▸ **REQUIRED ACTION**:
The records below hold a stretch from the line with "then e w else" through the line with "section \<open>B-annihilating forms\<close>"; return exactly those lines, ends included, and nothing more.

=== GIVEN RECORDS ===

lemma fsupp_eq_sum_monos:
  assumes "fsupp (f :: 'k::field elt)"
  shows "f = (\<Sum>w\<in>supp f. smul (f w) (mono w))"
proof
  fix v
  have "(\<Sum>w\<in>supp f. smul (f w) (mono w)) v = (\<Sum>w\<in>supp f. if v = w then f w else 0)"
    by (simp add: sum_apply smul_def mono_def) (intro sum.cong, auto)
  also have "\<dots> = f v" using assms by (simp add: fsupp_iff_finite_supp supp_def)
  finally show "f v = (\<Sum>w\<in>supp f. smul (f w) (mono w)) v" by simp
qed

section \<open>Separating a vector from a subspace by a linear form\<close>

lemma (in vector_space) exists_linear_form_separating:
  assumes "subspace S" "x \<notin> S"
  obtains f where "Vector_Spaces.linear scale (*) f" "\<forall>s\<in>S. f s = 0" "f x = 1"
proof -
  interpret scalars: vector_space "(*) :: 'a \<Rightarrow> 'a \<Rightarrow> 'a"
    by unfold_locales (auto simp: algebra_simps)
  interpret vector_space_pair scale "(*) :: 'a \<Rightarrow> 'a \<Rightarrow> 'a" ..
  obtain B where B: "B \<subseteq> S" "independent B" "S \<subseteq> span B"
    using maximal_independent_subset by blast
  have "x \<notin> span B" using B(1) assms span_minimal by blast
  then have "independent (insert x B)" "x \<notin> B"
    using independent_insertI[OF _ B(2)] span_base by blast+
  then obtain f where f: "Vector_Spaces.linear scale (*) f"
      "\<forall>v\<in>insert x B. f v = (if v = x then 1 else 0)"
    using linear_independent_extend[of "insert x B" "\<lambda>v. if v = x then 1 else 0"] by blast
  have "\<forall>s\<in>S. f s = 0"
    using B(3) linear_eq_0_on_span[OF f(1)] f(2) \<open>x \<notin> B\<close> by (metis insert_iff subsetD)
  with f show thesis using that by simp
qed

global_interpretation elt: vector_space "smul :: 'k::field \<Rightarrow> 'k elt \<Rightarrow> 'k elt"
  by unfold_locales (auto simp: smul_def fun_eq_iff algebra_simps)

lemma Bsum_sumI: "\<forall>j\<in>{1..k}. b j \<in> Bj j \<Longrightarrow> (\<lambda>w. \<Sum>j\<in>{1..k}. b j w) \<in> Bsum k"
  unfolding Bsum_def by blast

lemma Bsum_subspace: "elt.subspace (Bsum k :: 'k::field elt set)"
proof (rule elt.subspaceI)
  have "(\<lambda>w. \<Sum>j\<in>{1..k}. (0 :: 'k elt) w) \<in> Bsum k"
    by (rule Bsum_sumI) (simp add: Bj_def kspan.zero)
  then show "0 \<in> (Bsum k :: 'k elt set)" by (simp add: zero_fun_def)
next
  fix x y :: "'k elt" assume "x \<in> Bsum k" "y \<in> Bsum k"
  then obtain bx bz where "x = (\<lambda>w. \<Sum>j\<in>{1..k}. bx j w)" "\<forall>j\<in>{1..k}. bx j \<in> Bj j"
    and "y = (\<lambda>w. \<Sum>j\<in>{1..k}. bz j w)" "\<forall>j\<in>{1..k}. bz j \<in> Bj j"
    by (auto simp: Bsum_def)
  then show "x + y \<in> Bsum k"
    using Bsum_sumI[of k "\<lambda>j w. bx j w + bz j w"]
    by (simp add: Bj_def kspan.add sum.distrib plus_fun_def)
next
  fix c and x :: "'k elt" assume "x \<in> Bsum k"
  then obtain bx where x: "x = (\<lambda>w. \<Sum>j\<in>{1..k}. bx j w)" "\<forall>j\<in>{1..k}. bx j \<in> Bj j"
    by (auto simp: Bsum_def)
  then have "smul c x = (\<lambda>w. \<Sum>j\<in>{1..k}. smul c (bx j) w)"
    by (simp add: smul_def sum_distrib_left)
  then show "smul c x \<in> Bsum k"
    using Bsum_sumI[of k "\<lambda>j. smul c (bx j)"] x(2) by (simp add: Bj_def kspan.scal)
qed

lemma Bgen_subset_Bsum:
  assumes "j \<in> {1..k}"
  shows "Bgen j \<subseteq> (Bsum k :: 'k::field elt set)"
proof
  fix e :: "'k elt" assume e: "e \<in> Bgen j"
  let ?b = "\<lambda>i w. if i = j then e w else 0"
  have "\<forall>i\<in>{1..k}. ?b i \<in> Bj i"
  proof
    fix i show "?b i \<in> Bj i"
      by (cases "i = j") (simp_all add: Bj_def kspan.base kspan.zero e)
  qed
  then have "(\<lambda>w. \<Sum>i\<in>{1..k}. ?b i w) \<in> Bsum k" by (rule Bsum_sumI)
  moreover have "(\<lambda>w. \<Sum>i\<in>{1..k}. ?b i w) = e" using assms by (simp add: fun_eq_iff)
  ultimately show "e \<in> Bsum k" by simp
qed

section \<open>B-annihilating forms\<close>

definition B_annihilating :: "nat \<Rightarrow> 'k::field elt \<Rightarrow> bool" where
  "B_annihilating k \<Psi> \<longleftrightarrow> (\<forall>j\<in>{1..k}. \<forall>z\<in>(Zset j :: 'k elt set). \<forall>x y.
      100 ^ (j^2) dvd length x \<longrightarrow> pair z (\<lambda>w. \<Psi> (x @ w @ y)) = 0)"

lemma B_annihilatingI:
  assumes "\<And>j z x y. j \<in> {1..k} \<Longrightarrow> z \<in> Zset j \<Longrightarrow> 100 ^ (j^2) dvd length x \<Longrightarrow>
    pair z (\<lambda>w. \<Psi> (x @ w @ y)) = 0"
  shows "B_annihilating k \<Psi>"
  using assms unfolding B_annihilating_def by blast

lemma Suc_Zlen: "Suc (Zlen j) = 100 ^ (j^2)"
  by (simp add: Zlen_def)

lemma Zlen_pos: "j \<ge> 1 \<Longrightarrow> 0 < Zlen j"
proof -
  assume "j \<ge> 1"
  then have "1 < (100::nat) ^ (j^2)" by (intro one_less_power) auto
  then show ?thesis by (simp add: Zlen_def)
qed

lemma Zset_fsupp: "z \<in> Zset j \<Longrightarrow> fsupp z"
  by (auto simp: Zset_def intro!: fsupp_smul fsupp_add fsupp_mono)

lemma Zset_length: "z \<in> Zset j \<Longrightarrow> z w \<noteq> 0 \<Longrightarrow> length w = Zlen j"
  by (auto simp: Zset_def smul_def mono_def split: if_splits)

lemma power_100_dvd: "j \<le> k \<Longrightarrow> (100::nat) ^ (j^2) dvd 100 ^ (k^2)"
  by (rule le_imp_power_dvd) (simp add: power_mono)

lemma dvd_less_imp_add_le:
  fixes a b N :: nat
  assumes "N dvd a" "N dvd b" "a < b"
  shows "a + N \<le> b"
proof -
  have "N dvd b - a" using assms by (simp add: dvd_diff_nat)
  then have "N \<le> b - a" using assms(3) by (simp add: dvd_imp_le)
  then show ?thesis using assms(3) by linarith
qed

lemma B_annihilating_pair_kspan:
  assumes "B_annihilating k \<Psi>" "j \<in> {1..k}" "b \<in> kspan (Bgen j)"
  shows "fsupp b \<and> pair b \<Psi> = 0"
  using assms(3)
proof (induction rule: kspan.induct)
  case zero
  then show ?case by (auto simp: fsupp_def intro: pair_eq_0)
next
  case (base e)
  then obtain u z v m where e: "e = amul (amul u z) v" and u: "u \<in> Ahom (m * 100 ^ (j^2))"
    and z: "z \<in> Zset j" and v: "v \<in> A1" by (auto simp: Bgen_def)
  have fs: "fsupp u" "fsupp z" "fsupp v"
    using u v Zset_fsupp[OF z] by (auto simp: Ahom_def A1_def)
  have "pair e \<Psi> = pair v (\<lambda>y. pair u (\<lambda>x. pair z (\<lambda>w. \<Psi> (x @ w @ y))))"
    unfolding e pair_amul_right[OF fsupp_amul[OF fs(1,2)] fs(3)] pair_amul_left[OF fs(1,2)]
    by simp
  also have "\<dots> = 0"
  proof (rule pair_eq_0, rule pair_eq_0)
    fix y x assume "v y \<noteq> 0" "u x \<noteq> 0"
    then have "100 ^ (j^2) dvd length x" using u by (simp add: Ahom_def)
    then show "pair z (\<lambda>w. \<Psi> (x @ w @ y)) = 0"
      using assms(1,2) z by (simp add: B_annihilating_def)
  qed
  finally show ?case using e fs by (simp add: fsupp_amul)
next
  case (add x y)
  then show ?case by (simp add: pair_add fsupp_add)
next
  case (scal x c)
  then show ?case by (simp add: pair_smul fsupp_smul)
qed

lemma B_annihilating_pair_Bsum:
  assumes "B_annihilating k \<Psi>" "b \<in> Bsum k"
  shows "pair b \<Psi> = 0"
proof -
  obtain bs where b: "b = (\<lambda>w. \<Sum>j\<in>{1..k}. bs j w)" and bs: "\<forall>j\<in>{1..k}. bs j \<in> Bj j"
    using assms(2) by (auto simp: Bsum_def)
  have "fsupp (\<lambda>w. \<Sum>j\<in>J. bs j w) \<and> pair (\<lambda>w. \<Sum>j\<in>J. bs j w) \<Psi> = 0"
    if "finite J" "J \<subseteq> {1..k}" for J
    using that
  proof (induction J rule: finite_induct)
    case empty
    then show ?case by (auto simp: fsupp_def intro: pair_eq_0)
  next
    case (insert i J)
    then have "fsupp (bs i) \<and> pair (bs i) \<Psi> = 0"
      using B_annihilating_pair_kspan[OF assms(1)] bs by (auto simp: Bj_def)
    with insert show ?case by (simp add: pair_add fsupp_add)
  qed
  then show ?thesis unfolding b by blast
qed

===

▸ **FINISHED EXERCISE**:
  let ?b = "\<lambda>i w. if i = j then e w else 0"
  have "\<forall>i\<in>{1..k}. ?b i \<in> Bj i"
  proof
    fix i show "?b i \<in> Bj i"
      by (cases "i = j") (simp_all add: Bj_def kspan.base kspan.zero e)
  qed
  then have "(\<lambda>w. \<Sum>i\<in>{1..k}. ?b i w) \<in> Bsum k" by (rule Bsum_sumI)
  moreover have "(\<lambda>w. \<Sum>i\<in>{1..k}. ?b i w) = e" using assms by (simp add: fun_eq_iff)
  ultimately show "e \<in> Bsum k" by simp
qed

section \<open>B-annihilating forms\<close>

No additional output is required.